ABOUT THIS EXERCISE:
For the entries below, the expected answer is the line with "v \<in> S \<and>", the line with "E xs \<longleftrightarrow>", and every line between them, exactly as written, and nothing more.

==== RECORD SET ====

(* Let $G$ be an undirected graph. If all the prime components of $G$ are Generalized Bartlett graphs, then $G$ is a Generalized Bartlett graph.
   Context: A graph $G=(V,E)$ has a decomposition into components $G_1=(V_1,E_1)$ and $G_2=(V_2,E_2)$ (the induced subgraphs on $V_1,V_2$) if $V=V_1\cup V_2$ with $(V_1\setminus V_2)\cup(V_2\setminus V_1)\ne\emptyset$, $V_1\cap V_2\neq\emptyset$ induces a complete subgraph, and $V_1\cap V_2$ separates $V_1\setminus V_2$ from $V_2\setminus V_1$ (no edge joins a vertex of $V_1\setminus V_2$ to one of $V_2\setminus V_1$). A graph admitting no such decomposition is prime; repeated decomposition breaks any graph into prime components. For an ordering $\sigma:V\to\{1,\dots,p\}$, set $E^\sigma_0=E$, $E^\sigma_i=E^\sigma_{i-1}\cup\{\{u,v\}:u\ne v,\sigma(u)>i,\sigma(v)>i,\{u,\sigma^{-1}(i)\},\{v,\sigma^{-1}(i)\}\in E^\sigma_{i-1}\}$ for $i=1,\dots,p-2$, and $D^\sigma(E)=E^\sigma_{p-2}$. $G$ is Generalized Bartlett if some ordering $\sigma$ admits no $u,v,w$ with $\{u,v\},\{v,w\},\{u,w\}\notin E$ but all in $D^\sigma(E)$. *)

theory Defs
  imports Main
begin

definition graph :: "'a set \<Rightarrow> 'a set set \<Rightarrow> bool" where
  "graph V E \<longleftrightarrow> finite V \<and> (\<forall>e\<in>E. \<exists>u v. u \<noteq> v \<and> u \<in> V \<and> v \<in> V \<and> e = {u, v})"

definition induced :: "'a set set \<Rightarrow> 'a set \<Rightarrow> 'a set set" where
  "induced E W = {e \<in> E. e \<subseteq> W}"

definition complete_in :: "'a set \<Rightarrow> 'a set set \<Rightarrow> bool" where
  "complete_in C E \<longleftrightarrow> (\<forall>u\<in>C. \<forall>v\<in>C. u \<noteq> v \<longrightarrow> {u, v} \<in> E)"

definition decomposes :: "'a set \<Rightarrow> 'a set set \<Rightarrow> 'a set \<Rightarrow> 'a set \<Rightarrow> bool" where
  "decomposes V E V1 V2 \<longleftrightarrow>
     V = V1 \<union> V2 \<and> V1 - V2 \<noteq> {} \<and> V2 - V1 \<noteq> {} \<and> V1 \<inter> V2 \<noteq> {} \<and>
     complete_in (V1 \<inter> V2) E \<and>
     (\<forall>u\<in>V1 - V2. \<forall>v\<in>V2 - V1. {u, v} \<notin> E)"

definition prime_graph :: "'a set \<Rightarrow> 'a set set \<Rightarrow> bool" where
  "prime_graph V E \<longleftrightarrow> \<not> (\<exists>V1 V2. decomposes V E V1 V2)"

inductive prime_comp :: "'a set \<Rightarrow> 'a set set \<Rightarrow> 'a set \<Rightarrow> 'a set set \<Rightarrow> bool" where
  self: "prime_graph V E \<Longrightarrow> prime_comp V E V E"
| left: "decomposes V E V1 V2 \<Longrightarrow> prime_comp V1 (induced E V1) W F \<Longrightarrow> prime_comp V E W F"
| right: "decomposes V E V1 V2 \<Longrightarrow> prime_comp V2 (induced E V2) W F \<Longrightarrow> prime_comp V E W F"

text \<open>Elimination/fill-in edge sets E^sigma_i for an ordering sigma : V -> {1..p}.\<close>
fun fill :: "'a set \<Rightarrow> ('a \<Rightarrow> nat) \<Rightarrow> 'a set set \<Rightarrow> nat \<Rightarrow> 'a set set" where
  "fill V \<sigma> E 0 = E"
| "fill V \<sigma> E (Suc i) = fill V \<sigma> E i \<union>
     {{u, v} | u v. u \<noteq> v \<and> u \<in> V \<and> v \<in> V \<and> \<sigma> u > Suc i \<and> \<sigma> v > Suc i \<and>
        {u, the_inv_into V \<sigma> (Suc i)} \<in> fill V \<sigma> E i \<and>
        {v, the_inv_into V \<sigma> (Suc i)} \<in> fill V \<sigma> E i}"

definition D :: "'a set \<Rightarrow> ('a \<Rightarrow> nat) \<Rightarrow> 'a set set \<Rightarrow> 'a set set" where
  "D V \<sigma> E = fill V \<sigma> E (card V - 2)"

definition gen_bartlett :: "'a set \<Rightarrow> 'a set set \<Rightarrow> bool" where
  "gen_bartlett V E \<longleftrightarrow> (\<exists>\<sigma>. bij_betw \<sigma> V {1..card V} \<and>
     \<not> (\<exists>u v w. {u, v} \<notin> E \<and> {v, w} \<notin> E \<and> {u, w} \<notin> E \<and>
              {u, v} \<in> D V \<sigma> E \<and> {v, w} \<in> D V \<sigma> E \<and> {u, w} \<in> D V \<sigma> E))"

end

theory Submission
  imports Defs
begin

text \<open>For a decomposition with clique separator \<open>C\<close>, take
  Generalized Bartlett orders of the two parts and rearrange each so that \<open>C\<close> is eliminated last,
  which creates no new fill edge. Eliminating first the private vertices of \<open>V1\<close>, then those of
  \<open>V2\<close>, then \<open>C\<close>, every fill edge of the whole graph is an edge or a fill edge of one part; a
  triangle of non-edges would have to use both parts, but non-edge fill edges of a part stay
  off \<open>C\<close> and so cannot meet across it.\<close>

definition elim_edges :: "'a set set \<Rightarrow> 'a \<Rightarrow> 'a set \<Rightarrow> 'a set set" where
  "elim_edges E x S = {{u, v} | u v. u \<noteq> v \<and> u \<in> S \<and> v \<in> S \<and> {u, x} \<in> E \<and> {v, x} \<in> E}"

text \<open>For \<open>R = {}\<close> this is \<open>D\<close> of the
  ordering listed by \<open>xs\<close> (see \<open>D_eq_elim_fill\<close>).\<close>
fun elim_fill :: "'a set set \<Rightarrow> 'a list \<Rightarrow> 'a set \<Rightarrow> 'a set set" where
  "elim_fill E [] R = E"
| "elim_fill E (x # xs) R = elim_fill (E \<union> elim_edges E x (set xs \<union> R)) xs R"

definition pairs :: "'a set \<Rightarrow> 'a set set" where
  "pairs S = {{u, v} | u v. u \<noteq> v \<and> u \<in> S \<and> v \<in> S}"

definition no_fill_triangle :: "'a set set \<Rightarrow> 'a set set \<Rightarrow> bool" where
  "no_fill_triangle E F \<longleftrightarrow> \<not> (\<exists>u v w. {u, v} \<notin> E \<and> {v, w} \<notin> E \<and> {u, w} \<notin> E \<and>
     {u, v} \<in> F \<and> {v, w} \<in> F \<and> {u, w} \<in> F)"

definition bartlett_order :: "'a set set \<Rightarrow> 'a list \<Rightarrow> bool" where
  "bartlett_order E xs \<longleftrightarrow> no_fill_triangle E (elim_fill E xs {})"

lemma doubleton_in_pairs_iff [simp]: "{u, v} \<in> pairs S \<longleftrightarrow> u \<noteq> v \<and> u \<in> S \<and> v \<in> S"
  by (auto simp: pairs_def doubleton_eq_iff)

lemma pairs_mono: "S \<subseteq> T \<Longrightarrow> pairs S \<subseteq> pairs T"
  by (auto simp: pairs_def)

lemma pairs_subset_iff_complete_in: "pairs S \<subseteq> E \<longleftrightarrow> complete_in S E"
  by (auto simp: pairs_def complete_in_def)

lemma elim_edges_subset_pairs: "elim_edges E x S \<subseteq> pairs S"
  by (auto simp: elim_edges_def pairs_def)

lemma elim_edges_mono: "E \<subseteq> E' \<Longrightarrow> S \<subseteq> S' \<Longrightarrow> elim_edges E x S \<subseteq> elim_edges E' x S'"
  unfolding elim_edges_def by blast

====

ANSWER TO THE PROBLEM:
  "elim_edges E x S = {{u, v} | u v. u \<noteq> v \<and> u \<in> S \<and> v \<in> S \<and> {u, x} \<in> E \<and> {v, x} \<in> E}"

text \<open>For \<open>R = {}\<close> this is \<open>D\<close> of the
  ordering listed by \<open>xs\<close> (see \<open>D_eq_elim_fill\<close>).\<close>
fun elim_fill :: "'a set set \<Rightarrow> 'a list \<Rightarrow> 'a set \<Rightarrow> 'a set set" where
  "elim_fill E [] R = E"
| "elim_fill E (x # xs) R = elim_fill (E \<union> elim_edges E x (set xs \<union> R)) xs R"

definition pairs :: "'a set \<Rightarrow> 'a set set" where
  "pairs S = {{u, v} | u v. u \<noteq> v \<and> u \<in> S \<and> v \<in> S}"

definition no_fill_triangle :: "'a set set \<Rightarrow> 'a set set \<Rightarrow> bool" where
  "no_fill_triangle E F \<longleftrightarrow> \<not> (\<exists>u v w. {u, v} \<notin> E \<and> {v, w} \<notin> E \<and> {u, w} \<notin> E \<and>
     {u, v} \<in> F \<and> {v, w} \<in> F \<and> {u, w} \<in> F)"

definition bartlett_order :: "'a set set \<Rightarrow> 'a list \<Rightarrow> bool" where
  "bartlett_order E xs \<longleftrightarrow> no_fill_triangle E (elim_fill E xs {})"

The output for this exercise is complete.